I was the shadow of the waxwing slain
By the false azure in the windowpane
*
“Pale Fire is a Jack-in-the-box, a Faberge gem, a clockwork toy, a chess problem, an infernal machine, a trap to catch reviewers, a cat-and-mouse game, a do-it-yourself novel. It consists of a 999-line poem of four cantos in heroic couplets together with an editor’s preface, notes, index, and proof-corrections. When the separate parts are assembled, according to the manufacturer’s directions, and fitted together with the help of clues and cross-references, which must be hunted down as in a paper-chase, a novel on several levels is revealed, and these ‘levels’ are not the customary ‘levels of meaning’ of modernist criticism but planes in a fictive space, rather like those houses of memory in medieval mnemonic science, where words, facts, and numbers were stored till wanted in various rooms and attics, or like the Houses of astrology into which the heavens are divided.
…
“The real, real story, the plane of ordinary sanity and common sense, the reader’s presumed plane, cannot be accepted as final. The explanation that Botkin is mad will totally satisfy only Professors H. and C. and their consorts, who can put aside Pale Fire as a detective story, with the reader racing the author to the solution. Pale Fire is not a detective story, though it includes one. Each plane or level in its shadow box proves to be a false bottom; there is an infinite perspective regression, for the book is a book of mirrors.
…
“Nabokov’s tenderness for human eccentricity, for the freak, the ‘deviate,’ is partly the naturalist’s taste for the curious. But his fond, wry compassion for the lone black piece on the board goes deeper than classificatory science or the collector’s choplicking. Love is the burden of Pale Fire, love and loss. Love is felt as a kind of homesickness, that yearning for union described by Plato, the pining for the other half of a once-whole body, the straining of the soul’s black horse to unite with the white. The sense of loss in love, of separation (the room beyond, projected onto the snow, the phantom moves of the chess knight, that deviate piece, off the board’s edge onto ghostly squares), binds mortal men in a common pattern—the elderly couple watching TV in a lighted room, and the ‘queer’ neighbor watching them from his window.
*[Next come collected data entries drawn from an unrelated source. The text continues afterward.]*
(* Let P_s be the law of the neighbourhood given label s, Pbar = sum_s p_s P_s its marginal, and
   F(M) = sum_r p_r sqrt (P_r M).  Minus the mutual information is sum_s p_s sum_M P_s ln (Pbar / P_s),
   and ln (Pbar / P_s) = ln (Pbar / (sqrt P_s F)) + ln (sqrt P_s F / P_s).  By concavity of ln, the
   first part averages to at most 0 over the labels for each fixed M, and the second to at most
   ln (sum_M sqrt P_s F) = ln (sum_r p_r sum_M sqrt (P_s P_r)) over M for each fixed s.  The
   multinomial theorem evaluates these Bhattacharyya coefficients to the brackets in NIC. *)

lemma ln_weighted_sum_le:
  fixes w b :: "'i \<Rightarrow> real"
  assumes "finite I"
    and w_nonneg: "\<And>i. i \<in> I \<Longrightarrow> 0 \<le> w i"
    and b_pos: "\<And>i. i \<in> I \<Longrightarrow> 0 < w i \<Longrightarrow> 0 < b i"
  shows "(\<Sum>i\<in>I. w i * ln (b i)) \<le> (\<Sum>i\<in>I. w i) * ln ((\<Sum>i\<in>I. w i * b i) / (\<Sum>i\<in>I. w i))"
proof (cases "\<forall>i\<in>I. w i = 0")
  case True
  then show ?thesis by simp
next
  case False
  define W B where "W = (\<Sum>i\<in>I. w i)" and "B = (\<Sum>i\<in>I. w i * b i)"
  obtain j where j: "j \<in> I" "0 < w j"
    using False w_nonneg by force
  have wb_nonneg: "0 \<le> w i * b i" if "i \<in> I" for i
    using w_nonneg[OF that] b_pos[OF that] by (cases "w i = 0") auto
  have "0 < w j" "w j \<le> W"
    using j w_nonneg \<open>finite I\<close> by (auto simp: W_def intro: member_le_sum)
  moreover have "0 < w j * b j" "w j * b j \<le> B"
    using j b_pos wb_nonneg \<open>finite I\<close> by (auto simp: B_def intro: member_le_sum)
  ultimately have "0 < W" "0 < B" by linarith+
  have pointwise: "w i * ln (b i) - w i * ln (B / W) \<le> w i * b i * (W / B) - w i" if "i \<in> I" for i
  proof (cases "w i = 0")
    case False
    then have "0 < w i" "0 < b i" using w_nonneg b_pos that by force+
    have "w i * ln (b i) - w i * ln (B / W) = w i * ln (b i * (W / B))"
      using \<open>0 < b i\<close> \<open>0 < W\<close> \<open>0 < B\<close> by (simp add: ln_mult ln_div algebra_simps)
    also have "\<dots> \<le> w i * (b i * (W / B) - 1)"
      using \<open>0 < w i\<close> \<open>0 < b i\<close> \<open>0 < W\<close> \<open>0 < B\<close> by (intro mult_left_mono ln_le_minus_one) auto
    finally show ?thesis by (simp add: algebra_simps)
  qed simp
  have "(\<Sum>i\<in>I. w i * ln (b i)) - W * ln (B / W) \<le> (\<Sum>i\<in>I. w i * b i * (W / B) - w i)"
    using sum_mono[OF pointwise] by (simp add: W_def sum_subtractf sum_distrib_right)
  also have "\<dots> = 0"
  proof -
    have "(\<Sum>i\<in>I. w i * b i * (W / B)) = B * (W / B)"
      by (simp only: B_def sum_distrib_right)
    then show ?thesis
      using \<open>0 < B\<close> by (simp add: sum_subtractf W_def)
  qed
  finally show ?thesis by (simp add: W_def B_def)
qed

lemma mixture_ln_ratio_nonpos:
  fixes p x :: "'s \<Rightarrow> real"
  assumes "finite S" "\<And>s. s \<in> S \<Longrightarrow> 0 \<le> p s" "\<And>s. s \<in> S \<Longrightarrow> 0 \<le> x s"
  shows "(\<Sum>s\<in>S. p s * x s * ln ((\<Sum>r\<in>S. p r * x r) / (sqrt (x s) * (\<Sum>r\<in>S. p r * sqrt (x r))))) \<le> 0"
proof -
  define X F where "X = (\<Sum>r\<in>S. p r * x r)" and "F = (\<Sum>r\<in>S. p r * sqrt (x r))"
  have "(\<Sum>s\<in>S. p s * x s * ln (X / (sqrt (x s) * F)))
      \<le> (\<Sum>s\<in>S. p s * x s) * ln ((\<Sum>s\<in>S. p s * x s * (X / (sqrt (x s) * F))) / (\<Sum>s\<in>S. p s * x s))"
  proof (rule ln_weighted_sum_le)
    fix s assume "s \<in> S" "0 < p s * x s"
    then have "0 < p s" "0 < x s"
      using assms(2,3)[OF \<open>s \<in> S\<close>] by (auto simp: zero_less_mult_iff)
    moreover have "p s * x s \<le> X" "p s * sqrt (x s) \<le> F"
      using \<open>s \<in> S\<close> assms unfolding X_def F_def by (auto intro!: member_le_sum)
    ultimately show "0 < X / (sqrt (x s) * F)"
      by (smt (verit) divide_pos_pos mult_pos_pos real_sqrt_gt_zero)
  qed (use assms in auto)
  also have "(\<Sum>s\<in>S. p s * x s * (X / (sqrt (x s) * F))) = F * X / F"
  proof -
    have "p s * x s * (X / (sqrt (x s) * F)) = p s * sqrt (x s) * X / F" if "s \<in> S" for s
    proof -
      have "p s * x s * (X / (sqrt (x s) * F)) = p s * (x s / sqrt (x s)) * X / F"
        by (simp add: divide_divide_eq_left')
      then show ?thesis
        using assms(3)[OF that] by (simp add: real_div_sqrt)
    qed
    then show ?thesis
      by (simp add: F_def sum_divide_distrib sum_distrib_right)
  qed
  also have "(\<Sum>s\<in>S. p s * x s) * ln ((F * X / F) / (\<Sum>s\<in>S. p s * x s)) = 0"
    by (cases "F = 0"; cases "X = 0") (simp_all add: X_def)
  finally show ?thesis by (simp add: X_def F_def)
qed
But it is most poignant in the outsider: the homely daughter stood up by her date, the refugee, the “queen,” the bird smashed on the window pane.
…
“I have not been able to find, in Shakespeare or anywhere else, the source of ‘pale fire.’ In the commentary there is an account of the poet burning his rejected drafts in ‘the pale fire of the incinerator.’ An amusing sidelight on the question may be provided by the word ingle, used by Kinbote to mean a catamite or boy favorite, but which also means blaze, from the Gaelic word for fire. A Helena Rubinstein product is called Pale Fire. I think too of the pale fire of opals and of Wordsworth, one of the patron saints of the grotesquely named Wordsmith College: ‘Life like a dome of many-colored glass / Stains the pale radiance of eternity.’ Whether the visible world is a prismatic reflection of eternity or vice versa is perhaps immaterial, like the question of which came first, the chicken or the egg. In the game of signaling back and forth with mirrors, which may be man’s relation with the cosmos, there is perhaps no before or after, only distance—separation—and, across it, the agitated flashing of the ART semaphore.
In any case, this centaur-work of Nabokov’s, half poem, half prose, this merman of the deep, is a creation of perfect beauty, symmetry, strangeness, originality, and moral truth. Pretending to be a curio, it cannot disguise the fact that it is one of the very great works of art of this century, the modern novel that everyone thought dead and that was only playing possum.”